• Task directions: Starting at the line that holds "- 1) - sqrt" and stopping at the line that holds "by (simp_all add: pos_less_divide_eq", restate the records below word for word, with both of those lines included.

[Dataset entries]
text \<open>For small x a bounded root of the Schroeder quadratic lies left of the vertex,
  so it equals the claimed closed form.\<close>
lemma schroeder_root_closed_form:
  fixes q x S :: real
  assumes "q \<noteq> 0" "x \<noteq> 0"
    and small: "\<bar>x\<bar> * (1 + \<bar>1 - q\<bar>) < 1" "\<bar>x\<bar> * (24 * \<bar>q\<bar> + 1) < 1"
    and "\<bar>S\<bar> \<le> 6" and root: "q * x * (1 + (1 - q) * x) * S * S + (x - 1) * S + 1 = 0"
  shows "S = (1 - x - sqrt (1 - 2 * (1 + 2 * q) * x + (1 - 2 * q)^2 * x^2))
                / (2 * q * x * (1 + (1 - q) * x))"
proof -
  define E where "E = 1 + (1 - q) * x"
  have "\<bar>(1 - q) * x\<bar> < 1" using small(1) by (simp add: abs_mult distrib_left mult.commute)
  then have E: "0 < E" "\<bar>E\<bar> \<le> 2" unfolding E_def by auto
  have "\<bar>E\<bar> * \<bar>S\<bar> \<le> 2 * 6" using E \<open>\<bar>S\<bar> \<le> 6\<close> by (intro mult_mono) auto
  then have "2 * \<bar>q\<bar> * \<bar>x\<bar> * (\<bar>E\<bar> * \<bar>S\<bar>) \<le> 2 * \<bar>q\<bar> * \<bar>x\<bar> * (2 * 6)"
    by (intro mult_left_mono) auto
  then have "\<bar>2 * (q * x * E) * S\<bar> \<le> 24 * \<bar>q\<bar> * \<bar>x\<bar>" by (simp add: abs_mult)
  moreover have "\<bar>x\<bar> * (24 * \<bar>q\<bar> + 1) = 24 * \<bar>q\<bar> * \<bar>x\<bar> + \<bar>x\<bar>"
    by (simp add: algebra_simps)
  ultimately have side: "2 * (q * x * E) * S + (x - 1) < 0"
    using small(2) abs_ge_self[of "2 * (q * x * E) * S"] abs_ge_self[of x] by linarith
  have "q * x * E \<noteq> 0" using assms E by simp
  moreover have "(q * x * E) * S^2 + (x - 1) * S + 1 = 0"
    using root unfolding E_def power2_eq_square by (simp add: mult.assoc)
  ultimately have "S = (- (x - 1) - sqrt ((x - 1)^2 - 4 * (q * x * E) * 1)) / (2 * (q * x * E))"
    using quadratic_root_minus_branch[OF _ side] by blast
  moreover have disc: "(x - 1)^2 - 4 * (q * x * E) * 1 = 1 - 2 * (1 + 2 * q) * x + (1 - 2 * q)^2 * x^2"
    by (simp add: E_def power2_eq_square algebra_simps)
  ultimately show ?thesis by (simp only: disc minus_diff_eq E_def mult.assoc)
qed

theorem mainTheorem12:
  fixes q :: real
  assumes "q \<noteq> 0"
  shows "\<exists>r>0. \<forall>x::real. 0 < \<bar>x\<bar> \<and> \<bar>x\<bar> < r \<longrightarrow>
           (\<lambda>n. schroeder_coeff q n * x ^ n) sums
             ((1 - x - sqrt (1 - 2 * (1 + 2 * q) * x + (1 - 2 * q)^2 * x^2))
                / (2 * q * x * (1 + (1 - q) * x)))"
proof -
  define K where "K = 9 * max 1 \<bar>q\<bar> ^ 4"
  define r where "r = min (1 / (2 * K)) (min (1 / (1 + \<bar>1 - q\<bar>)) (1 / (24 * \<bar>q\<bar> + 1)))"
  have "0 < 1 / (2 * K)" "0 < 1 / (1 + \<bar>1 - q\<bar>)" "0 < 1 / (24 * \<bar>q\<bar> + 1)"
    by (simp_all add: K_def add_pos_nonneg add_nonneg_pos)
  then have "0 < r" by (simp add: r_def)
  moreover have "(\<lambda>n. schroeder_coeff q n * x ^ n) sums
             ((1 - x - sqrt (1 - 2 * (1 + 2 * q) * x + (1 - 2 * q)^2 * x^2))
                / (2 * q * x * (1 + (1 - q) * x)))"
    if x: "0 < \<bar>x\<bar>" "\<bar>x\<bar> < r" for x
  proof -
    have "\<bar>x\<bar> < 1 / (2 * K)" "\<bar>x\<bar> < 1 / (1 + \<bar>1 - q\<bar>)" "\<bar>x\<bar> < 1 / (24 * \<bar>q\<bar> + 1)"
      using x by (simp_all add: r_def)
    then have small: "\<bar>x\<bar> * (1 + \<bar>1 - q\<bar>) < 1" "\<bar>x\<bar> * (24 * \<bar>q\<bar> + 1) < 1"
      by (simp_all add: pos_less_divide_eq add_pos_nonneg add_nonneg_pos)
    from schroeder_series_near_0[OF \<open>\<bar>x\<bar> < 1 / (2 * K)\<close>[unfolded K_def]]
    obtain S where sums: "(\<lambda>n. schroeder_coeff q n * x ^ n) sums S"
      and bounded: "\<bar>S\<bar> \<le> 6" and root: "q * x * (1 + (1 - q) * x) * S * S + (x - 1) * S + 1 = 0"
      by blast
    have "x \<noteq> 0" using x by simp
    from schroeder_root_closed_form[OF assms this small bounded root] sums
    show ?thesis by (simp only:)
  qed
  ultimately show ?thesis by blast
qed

==

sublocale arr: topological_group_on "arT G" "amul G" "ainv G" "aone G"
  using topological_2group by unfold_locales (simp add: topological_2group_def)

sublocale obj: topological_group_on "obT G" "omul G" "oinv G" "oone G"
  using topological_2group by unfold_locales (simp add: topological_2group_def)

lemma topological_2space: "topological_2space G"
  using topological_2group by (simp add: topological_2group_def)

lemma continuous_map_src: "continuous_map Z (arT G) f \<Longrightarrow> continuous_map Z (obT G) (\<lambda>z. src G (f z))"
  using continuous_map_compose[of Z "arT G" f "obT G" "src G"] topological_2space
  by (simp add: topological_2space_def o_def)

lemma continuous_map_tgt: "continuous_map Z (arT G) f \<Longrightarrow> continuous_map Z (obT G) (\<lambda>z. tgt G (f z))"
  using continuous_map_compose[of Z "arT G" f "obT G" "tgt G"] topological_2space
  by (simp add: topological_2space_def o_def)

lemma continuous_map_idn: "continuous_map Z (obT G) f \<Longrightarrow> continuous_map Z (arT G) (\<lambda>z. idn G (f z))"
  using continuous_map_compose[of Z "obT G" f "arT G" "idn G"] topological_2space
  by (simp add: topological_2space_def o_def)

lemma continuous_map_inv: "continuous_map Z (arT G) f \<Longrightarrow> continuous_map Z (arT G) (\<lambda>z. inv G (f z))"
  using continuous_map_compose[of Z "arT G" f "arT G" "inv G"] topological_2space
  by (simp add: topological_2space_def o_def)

• Exercise solution:
  ultimately have "S = (- (x - 1) - sqrt ((x - 1)^2 - 4 * (q * x * E) * 1)) / (2 * (q * x * E))"
    using quadratic_root_minus_branch[OF _ side] by blast
  moreover have disc: "(x - 1)^2 - 4 * (q * x * E) * 1 = 1 - 2 * (1 + 2 * q) * x + (1 - 2 * q)^2 * x^2"
    by (simp add: E_def power2_eq_square algebra_simps)
  ultimately show ?thesis by (simp only: disc minus_diff_eq E_def mult.assoc)
qed

theorem mainTheorem12:
  fixes q :: real
  assumes "q \<noteq> 0"
  shows "\<exists>r>0. \<forall>x::real. 0 < \<bar>x\<bar> \<and> \<bar>x\<bar> < r \<longrightarrow>
           (\<lambda>n. schroeder_coeff q n * x ^ n) sums
             ((1 - x - sqrt (1 - 2 * (1 + 2 * q) * x + (1 - 2 * q)^2 * x^2))
                / (2 * q * x * (1 + (1 - q) * x)))"
proof -
  define K where "K = 9 * max 1 \<bar>q\<bar> ^ 4"
  define r where "r = min (1 / (2 * K)) (min (1 / (1 + \<bar>1 - q\<bar>)) (1 / (24 * \<bar>q\<bar> + 1)))"
  have "0 < 1 / (2 * K)" "0 < 1 / (1 + \<bar>1 - q\<bar>)" "0 < 1 / (24 * \<bar>q\<bar> + 1)"
    by (simp_all add: K_def add_pos_nonneg add_nonneg_pos)
  then have "0 < r" by (simp add: r_def)
  moreover have "(\<lambda>n. schroeder_coeff q n * x ^ n) sums
             ((1 - x - sqrt (1 - 2 * (1 + 2 * q) * x + (1 - 2 * q)^2 * x^2))
                / (2 * q * x * (1 + (1 - q) * x)))"
    if x: "0 < \<bar>x\<bar>" "\<bar>x\<bar> < r" for x
  proof -
    have "\<bar>x\<bar> < 1 / (2 * K)" "\<bar>x\<bar> < 1 / (1 + \<bar>1 - q\<bar>)" "\<bar>x\<bar> < 1 / (24 * \<bar>q\<bar> + 1)"
      using x by (simp_all add: r_def)
    then have small: "\<bar>x\<bar> * (1 + \<bar>1 - q\<bar>) < 1" "\<bar>x\<bar> * (24 * \<bar>q\<bar> + 1) < 1"
      by (simp_all add: pos_less_divide_eq add_pos_nonneg add_nonneg_pos)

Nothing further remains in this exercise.